» **EXERCISE INSTRUCTIONS**
Print, exactly as they appear in the listing below, the lines from the line with "unfolding layer_part_def N_def" to the line with "(card N) < \<mu>", with both end lines kept.

--- START ---

(* There exists a copula $C\in\mathcal{C}^3_{\rm c}$ with $d_\infty(C,\psi(C))\ge\frac{3}{16}$; in particular $\sup_{C\in\mathcal{C}^3_{\rm c}}d_\infty(C,\psi(C))\ge\frac{3}{16}$.
   Context: $\mathbb{I}=[0,1]$, $\lambda$ Lebesgue measure; $d_\infty(C_1,C_2)=\max_{\mathbf{x}\in\mathbb{I}^3}|C_1(\mathbf{x})-C_2(\mathbf{x})|$. Points of $\mathbb{I}^3$ are written $(\mathbf{u},v)$, $\mathbf{u}=(u_1,u_2)$. For a three-dimensional copula $C$, $K_C$ is (a version of) the regular conditional distribution of $(U_1,U_2)$ given $U_3=v$, $(U_1,U_2,U_3)\sim C$; $F_{1|3}(u_1|t)=K_C(t,[0,u_1]\times\mathbb{I})$, $F_{2|3}(u_2|t)=K_C(t,\mathbb{I}\times[0,u_2])$. $\mathcal{C}^3_{\rm c}$ is the set of three-dimensional copulas for which $F_{1|3}(\cdot|t)$ and $F_{2|3}(\cdot|t)$ are continuous for $\lambda$-a.e. $t$; for such $C$, for a.e. $t$ the conditional copula $C^t_{12;3}$ is the unique bivariate copula with $K_C(t,[\mathbf{0},\mathbf{u}])=C^t_{12;3}(F_{1|3}(u_1|t),F_{2|3}(u_2|t))$. The partial copula is $C_p(\mathbf{s})=\int_{\mathbb{I}}C^t_{12;3}(\mathbf{s})\,d\lambda(t)$ and the partial vine copula $\psi(C)$ is defined by $\psi(C)(\mathbf{u},v)=\int_{[0,v]}C_p(F_{1|3}(u_1|t),F_{2|3}(u_2|t))\,d\lambda(t)$. *)

theory Defs
  imports "HOL-Probability.Probability"
begin

abbreviation unit_I :: "real set" where "unit_I \<equiv> {0..1}"

definition copula2 :: "(real \<Rightarrow> real \<Rightarrow> real) \<Rightarrow> bool" where
  "copula2 C \<longleftrightarrow>
     (\<forall>u\<in>unit_I. C u 0 = 0 \<and> C 0 u = 0 \<and> C u 1 = u \<and> C 1 u = u) \<and>
     (\<forall>a1\<in>unit_I. \<forall>b1\<in>unit_I. \<forall>a2\<in>unit_I. \<forall>b2\<in>unit_I.
        a1 \<le> b1 \<longrightarrow> a2 \<le> b2 \<longrightarrow>
        C b1 b2 - C a1 b2 - C b1 a2 + C a1 a2 \<ge> 0)"

definition copula3 :: "(real \<Rightarrow> real \<Rightarrow> real \<Rightarrow> real) \<Rightarrow> bool" where
  "copula3 C \<longleftrightarrow>
     (\<forall>x\<in>unit_I. \<forall>y\<in>unit_I. C 0 x y = 0 \<and> C x 0 y = 0 \<and> C x y 0 = 0) \<and>
     (\<forall>u\<in>unit_I. C u 1 1 = u \<and> C 1 u 1 = u \<and> C 1 1 u = u) \<and>
     (\<forall>a1\<in>unit_I. \<forall>b1\<in>unit_I. \<forall>a2\<in>unit_I. \<forall>b2\<in>unit_I. \<forall>a3\<in>unit_I. \<forall>b3\<in>unit_I.
        a1 \<le> b1 \<longrightarrow> a2 \<le> b2 \<longrightarrow> a3 \<le> b3 \<longrightarrow>
        C b1 b2 b3 - C a1 b2 b3 - C b1 a2 b3 - C b1 b2 a3
        + C a1 a2 b3 + C a1 b2 a3 + C b1 a2 a3 - C a1 a2 a3 \<ge> 0)"

text \<open>K is a version of the regular conditional distribution of (U1,U2) given U3 = t,
  where (U1,U2,U3) ~ C: a Markov kernel from [0,1] to the Borel sets of R^2 with
  C(u1,u2,v) = int_{[0,v]} K(t,[0,u1]x[0,u2]) dt for all (u1,u2,v) in the unit cube
  (this determines the joint law of (U1,U2,U3) and hence K up to a null set).\<close>
definition cond_kernel :: "(real \<Rightarrow> real \<Rightarrow> real \<Rightarrow> real) \<Rightarrow> (real \<Rightarrow> (real \<times> real) measure) \<Rightarrow> bool" where
  "cond_kernel C K \<longleftrightarrow>
     K \<in> restrict_space lborel unit_I \<rightarrow>\<^sub>M prob_algebra (borel :: (real \<times> real) measure) \<and>
     (\<forall>u1\<in>unit_I. \<forall>u2\<in>unit_I. \<forall>v\<in>unit_I.
        (\<lambda>t. measure (K t) ({0..u1} \<times> {0..u2})) integrable_on {0..v} \<and>
        C u1 u2 v = integral {0..v} (\<lambda>t. measure (K t) ({0..u1} \<times> {0..u2})))"
lemma has_complete_large_subtriple_BCA:
  assumes meet: "large_subtriples_meet (blowup_edges (hat_edges E) n) \<mu> P Q R"
    and P1: "large_subset \<mu> (layer_part P 1) P" and Q2: "large_subset \<mu> (layer_part Q 2) Q"
    and R0: "large_subset \<mu> (layer_part R 0) R"
    and fin: "finite P" "finite Q" "finite R"
    and sub: "P \<subseteq> blowup_vertices (hat_vertices U V) n" "Q \<subseteq> blowup_vertices (hat_vertices U V) n"
      "R \<subseteq> blowup_vertices (hat_vertices U V) n"
    and "finite V" "4 * \<mu> \<le> 1" and V_\<mu>: "(real (card V) + 2) * \<mu> \<le> 1"
  shows "has_complete_large_subtriple (blowup_edges (hat_edges E) n) \<mu> P Q R"
proof -
  have "\<mu> \<le> 1" using \<open>4 * \<mu> \<le> 1\<close> by simp
  obtain v where B: "large_subset \<mu> {w \<in> P. fst w = VB v} P"
    and C: "large_subset \<mu> {w \<in> Q. fst w = VC v} Q"
    using common_large_fibre[OF meet P1 Q2 R0 fin sub(1,2) \<open>finite V\<close> \<open>\<mu> \<le> 1\<close> V_\<mu>] by blast
  define N where "N = {w \<in> R. \<exists>u. fst w = VA u \<and> (u, v) \<in> E}"
  have "large_subset \<mu> N R"
  proof (rule ccontr)
    assume not_large: "\<not> large_subset \<mu> N R"
    define M where "M = {w \<in> R. \<exists>u. fst w = VA u \<and> (u, v) \<notin> E}"
    have "layer_part R 0 \<subseteq> N \<union> M"
      unfolding layer_part_def N_def M_def by (auto elim: layer.elims)
    then have "card (layer_part R 0) \<le> card (N \<union> M)"
      using fin(3) unfolding N_def M_def by (intro card_mono) auto
    also have "\<dots> \<le> card N + card M" by (rule card_Un_le)
    finally have "real (card (layer_part R 0)) \<le> real (card N) + real (card M)"
      by (metis of_nat_add of_nat_le_iff)
    moreover have "real (card N) < \<mu> * real (card R)"
      using not_large unfolding large_subset_def N_def by auto
    moreover have "\<mu> * real (card R) \<le> (1 - 3 * \<mu>) * real (card R)"
      using mult_right_mono[OF \<open>4 * \<mu> \<le> 1\<close>, of "real (card R)"] by (simp add: algebra_simps)
    ultimately have "\<mu> * real (card R) \<le> real (card M)"
      using dominant_layer_parts(3)[OF meet P1 Q2 R0 fin] by (simp add: algebra_simps)
    then have "large_subset \<mu> M R" unfolding large_subset_def M_def by auto
    then obtain p q r where "fst p = VB v" "fst q = VC v" "r \<in> M"
      and "{p, q, r} \<in> blowup_edges (hat_edges E) n"
      using meet B C unfolding large_subtriples_meet_def by blast
    then show False
      unfolding M_def by (auto simp: blowup_edge_iff hat_edge_VB_VC_VA_iff)
  qed
  moreover have "{p, q, r} \<in> blowup_edges (hat_edges E) n"
    if "p \<in> {w \<in> P. fst w = VB v}" "q \<in> {w \<in> Q. fst w = VC v}" "r \<in> N" for p q r
    using that sub unfolding N_def by (auto simp: blowup_edge_iff blowup_vertex_iff hat_edge_VB_VC_VA_iff)
  ultimately show ?thesis
    using B C unfolding has_complete_large_subtriple_def by blast
qed
(* Let $f$ be a critically coalescing quadratic rational map with critical values $v_1,v_2$, and let $k\ge2$. Then for $x\in\hat{\mathbb{C}}$, $x\in\mathcal{V}_f\cup\{f(v_1)\}$ if and only if $f^{-k}(x)\subseteq\mathcal{C}_{f^k}$.
   Context: A quadratic rational map $f$ with critical values $v_1\neq v_2$ is critically coalescing if $f(v_1)=f(v_2)$. $\mathcal{C}_h$, $\mathcal{V}_h$ denote the sets of critical points and critical values of $h$; $f^{-k}(x)$ is the full preimage of $x$ under the $k$-th iterate. *)

theory Defs
  imports "HOL-Analysis.Analysis" "HOL-Computational_Algebra.Polynomial"
begin

text \<open>The Riemann sphere is modelled as complex option: Some z is z, None is infinity.\<close>

type_synonym sphere = "complex option"

definition rat_map :: "complex poly \<Rightarrow> complex poly \<Rightarrow> sphere \<Rightarrow> sphere" where
  "rat_map p q y = (case y of
      Some z \<Rightarrow> (if poly q z = 0 then None else Some (poly p z / poly q z))
    | None \<Rightarrow> (if degree p > degree q then None
               else Some (coeff p (degree q) / coeff q (degree q))))"

definition quadratic_rational_map :: "(sphere \<Rightarrow> sphere) \<Rightarrow> bool" where
  "quadratic_rational_map f \<longleftrightarrow>
     (\<exists>p q. q \<noteq> 0 \<and> coprime p q \<and> max (degree p) (degree q) = 2 \<and> f = rat_map p q)"

definition chart :: "sphere \<Rightarrow> sphere \<Rightarrow> complex" where
  "chart a y = (case a of
      None \<Rightarrow> (case y of None \<Rightarrow> 0 | Some w \<Rightarrow> 1 / w)
    | Some _ \<Rightarrow> (case y of None \<Rightarrow> 0 | Some w \<Rightarrow> w))"

definition chart_inv :: "sphere \<Rightarrow> complex \<Rightarrow> sphere" where
  "chart_inv a w = (case a of
      None \<Rightarrow> (if w = 0 then None else Some (1 / w))
    | Some _ \<Rightarrow> Some w)"

definition crit_points :: "(sphere \<Rightarrow> sphere) \<Rightarrow> sphere set" where
  "crit_points g = {z. deriv (\<lambda>w. chart (g z) (g (chart_inv z w))) (chart z z) = 0}"

definition crit_values :: "(sphere \<Rightarrow> sphere) \<Rightarrow> sphere set" where
  "crit_values g = g ` crit_points g"

end

theory Submission
  imports Defs
begin

text \<open>
  Criticality on the sphere is multiplicative along compositions, so a point is critical for
  \<open>f^k\<close> exactly when one of its first \<open>k\<close> iterates is critical for \<open>f\<close>. For a quadratic map every
  fibre is the zero set of a nonzero binary quadratic form: a critical point is the only point
  of its fibre, every fibre has at most two points, and a fibre without critical points has two.
  Hence the whole \<open>k\<close>-fold preimage of a critical value consists of critical points, and so does
  that of the common image \<open>f(v\<^sub>1) = f(v\<^sub>2)\<close>, whose fibre is exactly \<open>{v\<^sub>1, v\<^sub>2}\<close>. Conversely, a point
  outside \<open>{v\<^sub>1, v\<^sub>2, f(v\<^sub>1)}\<close> always has a non-critical preimage again outside this set, and
  iterating gives a non-critical point of \<open>f^k\<close> in its \<open>k\<close>-fold preimage.
\<close>

section \<open>Derivatives in charts\<close>

definition chart_rep :: "(sphere \<Rightarrow> sphere) \<Rightarrow> sphere \<Rightarrow> complex \<Rightarrow> complex" where
  "chart_rep g z w = chart (g z) (g (chart_inv z w))"

definition chart_domain :: "sphere \<Rightarrow> sphere set" where
  "chart_domain a = {y. chart_inv a (chart a y) = y}"

text \<open>The locality condition makes chart representations compose: without it the chart at
  infinity would send both \<open>\<infinity>\<close> and \<open>0\<close> to \<open>0\<close>.\<close>
definition has_chart_derivative :: "(sphere \<Rightarrow> sphere) \<Rightarrow> sphere \<Rightarrow> complex \<Rightarrow> bool" where
  "has_chart_derivative g z D \<longleftrightarrow> (chart_rep g z has_field_derivative D) (at (chart z z)) \<and>
     (\<forall>\<^sub>F w in nhds (chart z z). g (chart_inv z w) \<in> chart_domain (g z))"

lemma chart_inv_chart_self [simp]: "chart_inv z (chart z z) = z"
  by (cases z) (auto simp: chart_def chart_inv_def)

lemma crit_points_iff_chart_derivative_zero:
  assumes "has_chart_derivative g z D"
  shows "z \<in> crit_points g \<longleftrightarrow> D = 0"
proof -
  have "deriv (chart_rep g z) (chart z z) = D"
    using assms unfolding has_chart_derivative_def by (intro DERIV_imp_deriv) auto
  then show ?thesis unfolding crit_points_def chart_rep_def[abs_def] by auto
qed

lemma has_chart_derivative_id: "has_chart_derivative id z 1"
proof -
  have "chart_rep id z = (\<lambda>w. w)"
    by (rule ext) (cases z, auto simp: chart_rep_def chart_def chart_inv_def)
  moreover have "\<forall>w. chart_inv z w \<in> chart_domain z"
    by (cases z) (auto simp: chart_domain_def chart_def chart_inv_def)
  ultimately show ?thesis unfolding has_chart_derivative_def by auto
qed

lemma has_chart_derivative_comp:
  assumes F: "has_chart_derivative F z D1" and G: "has_chart_derivative G (F z) D2"
  shows "has_chart_derivative (G \<circ> F) z (D2 * D1)"
proof -
  define w0 where "w0 = chart z z"
  define u0 where "u0 = chart (F z) (F z)"
  have dF: "(chart_rep F z has_field_derivative D1) (at w0)"
    and locF: "\<forall>\<^sub>F w in nhds w0. F (chart_inv z w) \<in> chart_domain (F z)"
    using F unfolding has_chart_derivative_def w0_def by auto
  have dG: "(chart_rep G (F z) has_field_derivative D2) (at u0)"
    and locG: "\<forall>\<^sub>F u in nhds u0. G (chart_inv (F z) u) \<in> chart_domain (G (F z))"
    using G unfolding has_chart_derivative_def u0_def by auto
  have F_w0: "chart_rep F z w0 = u0" by (simp add: w0_def u0_def chart_rep_def)
  have "(chart_rep F z \<longlongrightarrow> u0) (nhds w0)"
    using DERIV_isCont[OF dF] F_w0 by (metis isCont_def tendsto_at_iff_tendsto_nhds)
  then have locGF: "\<forall>\<^sub>F w in nhds w0. G (chart_inv (F z) (chart_rep F z w)) \<in> chart_domain (G (F z))"
    using eventually_compose_filterlim[OF locG] by (simp add: filterlim_def)
  have ev: "\<forall>\<^sub>F w in nhds w0. chart_rep (G \<circ> F) z w = (chart_rep G (F z) \<circ> chart_rep F z) w
      \<and> (G \<circ> F) (chart_inv z w) \<in> chart_domain ((G \<circ> F) z)"
    using locF locGF
  proof eventually_elim
    case (elim w)
    then have "chart_inv (F z) (chart (F z) (F (chart_inv z w))) = F (chart_inv z w)"
      by (simp add: chart_domain_def chart_rep_def)
    with elim(2) show ?case by (simp add: chart_rep_def)
  qed
  have "(chart_rep G (F z) \<circ> chart_rep F z has_field_derivative D2 * D1) (at w0)"
    using DERIV_chain[OF _ dF] dG F_w0 by simp
  moreover have ev_eq: "\<forall>\<^sub>F w in nhds w0.
      chart_rep (G \<circ> F) z w = (chart_rep G (F z) \<circ> chart_rep F z) w"
    using ev by (rule eventually_mono) auto
  ultimately have "(chart_rep (G \<circ> F) z has_field_derivative D2 * D1) (at w0)"
    using DERIV_cong_ev[OF refl ev_eq refl] by (simp add: comp_def)
  then show ?thesis
    unfolding has_chart_derivative_def w0_def[symmetric] using ev by (auto elim: eventually_mono)
qed

lemma has_chart_derivative_funpow:
  assumes "\<And>z. \<exists>D. has_chart_derivative g z D"
  shows "\<exists>D. has_chart_derivative (g ^^ n) z D \<and> (D = 0 \<longleftrightarrow> (\<exists>j<n. (g ^^ j) z \<in> crit_points g))"
proof (induction n)
  case 0
  show ?case using has_chart_derivative_id[of z] by (auto simp: id_def)
next
  case (Suc n)
  obtain D1 where D1: "has_chart_derivative (g ^^ n) z D1"
    and D1_zero: "D1 = 0 \<longleftrightarrow> (\<exists>j<n. (g ^^ j) z \<in> crit_points g)"
    using Suc by blast
  obtain D2 where D2: "has_chart_derivative g ((g ^^ n) z) D2" using assms by blast
  have "has_chart_derivative (g ^^ Suc n) z (D2 * D1)"
    using has_chart_derivative_comp[OF D1 D2] by simp
  moreover have "D2 * D1 = 0 \<longleftrightarrow> (\<exists>j<Suc n. (g ^^ j) z \<in> crit_points g)"
    using D1_zero crit_points_iff_chart_derivative_zero[OF D2] less_Suc_eq by auto
  ultimately show ?case by blast
qed

lemma crit_points_funpow:
  assumes "\<And>z. \<exists>D. has_chart_derivative g z D"
  shows "z \<in> crit_points (g ^^ n) \<longleftrightarrow> (\<exists>j<n. (g ^^ j) z \<in> crit_points g)"
  using has_chart_derivative_funpow[OF assms, of n z] crit_points_iff_chart_derivative_zero by blast

lemma quotient_chart_has_derivative:
  fixes G :: "complex \<Rightarrow> sphere" and A B :: "complex \<Rightarrow> complex"
  assumes dA: "(A has_field_derivative A') (at w0)" and dB: "(B has_field_derivative B') (at w0)"
    and no_common_zero: "\<not> (A w0 = 0 \<and> B w0 = 0)"
    and G: "\<And>w. G w = (if B w = 0 then None else Some (A w / B w))"
  shows "((\<lambda>w. chart (G w0) (G w)) has_field_derivative
           (if B w0 \<noteq> 0 then (A' * B w0 - A w0 * B') / (B w0 * B w0) else B' / A w0)) (at w0)"
    and "\<forall>\<^sub>F w in nhds w0. G w \<in> chart_domain (G w0)"
proof -
  have cA: "(A \<longlongrightarrow> A w0) (nhds w0)" and cB: "(B \<longlongrightarrow> B w0) (nhds w0)"
    using DERIV_isCont[OF dA] DERIV_isCont[OF dB]
    by (metis isCont_def tendsto_at_iff_tendsto_nhds)+
  have "((\<lambda>w. chart (G w0) (G w)) has_field_derivative
           (if B w0 \<noteq> 0 then (A' * B w0 - A w0 * B') / (B w0 * B w0) else B' / A w0)) (at w0)
       \<and> (\<forall>\<^sub>F w in nhds w0. G w \<in> chart_domain (G w0))"
  proof (cases "B w0 = 0")
    case False
    have ev: "\<forall>\<^sub>F w in nhds w0. B w \<noteq> 0" using cB False by (simp add: tendsto_imp_eventually_ne)
    have G0: "G w0 = Some (A w0 / B w0)" using G False by simp
    have ev_eq: "\<forall>\<^sub>F w in nhds w0. chart (G w0) (G w) = A w / B w" using ev
      by (rule eventually_mono) (simp only: G0, simp add: G chart_def)
    then have "((\<lambda>w. chart (G w0) (G w)) has_field_derivative
        (A' * B w0 - A w0 * B') / (B w0 * B w0)) (at w0)"
      using DERIV_cong_ev[OF refl ev_eq refl] DERIV_divide[OF dA dB False] by simp
    moreover have "\<forall>\<^sub>F w in nhds w0. G w \<in> chart_domain (G w0)" using ev
      by (rule eventually_mono) (simp only: G0, simp add: G chart_domain_def chart_def chart_inv_def)
    ultimately show ?thesis using False by simp
  next
    case True
    then have A0: "A w0 \<noteq> 0" using no_common_zero by simp
    have ev: "\<forall>\<^sub>F w in nhds w0. A w \<noteq> 0" using cA A0 by (simp add: tendsto_imp_eventually_ne)
    have G0: "G w0 = None" using G True by simp
    have ev_eq: "\<forall>\<^sub>F w in nhds w0. chart (G w0) (G w) = B w / A w" using ev
      by (rule eventually_mono) (simp only: G0, simp add: G chart_def)
    moreover have "(B' * A w0 - B w0 * A') / (A w0 * A w0) = B' / A w0"
      using True A0 by (simp add: field_simps)
    ultimately have "((\<lambda>w. chart (G w0) (G w)) has_field_derivative B' / A w0) (at w0)"
      using DERIV_cong_ev[OF refl ev_eq refl] DERIV_divide[OF dB dA A0] by simp
    moreover have "\<forall>\<^sub>F w in nhds w0. G w \<in> chart_domain (G w0)" using ev
      by (rule eventually_mono) (simp only: G0, simp add: G chart_domain_def chart_def chart_inv_def)
    ultimately show ?thesis using True by simp
  qed
  then show "((\<lambda>w. chart (G w0) (G w)) has_field_derivative
           (if B w0 \<noteq> 0 then (A' * B w0 - A w0 * B') / (B w0 * B w0) else B' / A w0)) (at w0)"
    and "\<forall>\<^sub>F w in nhds w0. G w \<in> chart_domain (G w0)" by auto
qed

lemma quadratic_has_field_derivative:
  "((\<lambda>w. c0 + c1*w + c2*w^2) has_field_derivative (c1 + 2*c2*a)) (at a)"
  by (auto intro!: derivative_eq_intros)

section \<open>Zeros of binary quadratic forms\<close>

text \<open>\<open>quad_zero r0 r1 r2\<close> and \<open>quad_crit r0 r1 r2\<close> describe the zeros of the binary form
  \<open>r0 Y\<^sup>2 + r1 XY + r2 X\<^sup>2\<close> on the sphere and the vanishing of its derivative there; a zero that is
  also critical is a double zero. \<open>None\<close> is a zero exactly when the form has degree below 2.\<close>

definition quad_zero :: "complex \<Rightarrow> complex \<Rightarrow> complex \<Rightarrow> sphere \<Rightarrow> bool" where
  "quad_zero r0 r1 r2 z = (case z of Some a \<Rightarrow> r0 + r1*a + r2*a^2 = 0 | None \<Rightarrow> r2 = 0)"

definition quad_crit :: "complex \<Rightarrow> complex \<Rightarrow> complex \<Rightarrow> sphere \<Rightarrow> bool" where
  "quad_crit r0 r1 r2 z = (case z of Some a \<Rightarrow> r1 + 2*r2*a = 0 | None \<Rightarrow> r1 = 0)"

lemma quad_zero_unique_if_crit:
  assumes nz: "\<not> (r0 = 0 \<and> r1 = 0 \<and> r2 = 0)"
    and "quad_zero r0 r1 r2 z" "quad_crit r0 r1 r2 z" "quad_zero r0 r1 r2 z'"
  shows "z' = z"
proof (cases z)
  case None
  then show ?thesis using assms by (cases z') (auto simp: quad_zero_def quad_crit_def)
next
  case (Some a)
  have za: "r0 + r1*a + r2*a^2 = 0" and ca: "r1 + 2*r2*a = 0"
    using assms Some by (auto simp: quad_zero_def quad_crit_def)
  then have r2: "r2 \<noteq> 0" using nz by auto
  show ?thesis
  proof (cases z')
    case None then show ?thesis using assms r2 by (auto simp: quad_zero_def)
  next
    case (Some b)
    then have "r0 + r1*b + r2*b^2 = 0" using assms by (auto simp: quad_zero_def)
    then have "r2 * (b - a)^2 = 0" using za ca by algebra
    then show ?thesis using r2 Some \<open>z = Some a\<close> by simp
  qed
qed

--- END ---

» **RESPONSE BELOW**
      unfolding layer_part_def N_def M_def by (auto elim: layer.elims)
    then have "card (layer_part R 0) \<le> card (N \<union> M)"
      using fin(3) unfolding N_def M_def by (intro card_mono) auto
    also have "\<dots> \<le> card N + card M" by (rule card_Un_le)
    finally have "real (card (layer_part R 0)) \<le> real (card N) + real (card M)"
      by (metis of_nat_add of_nat_le_iff)
    moreover have "real (card N) < \<mu> * real (card R)"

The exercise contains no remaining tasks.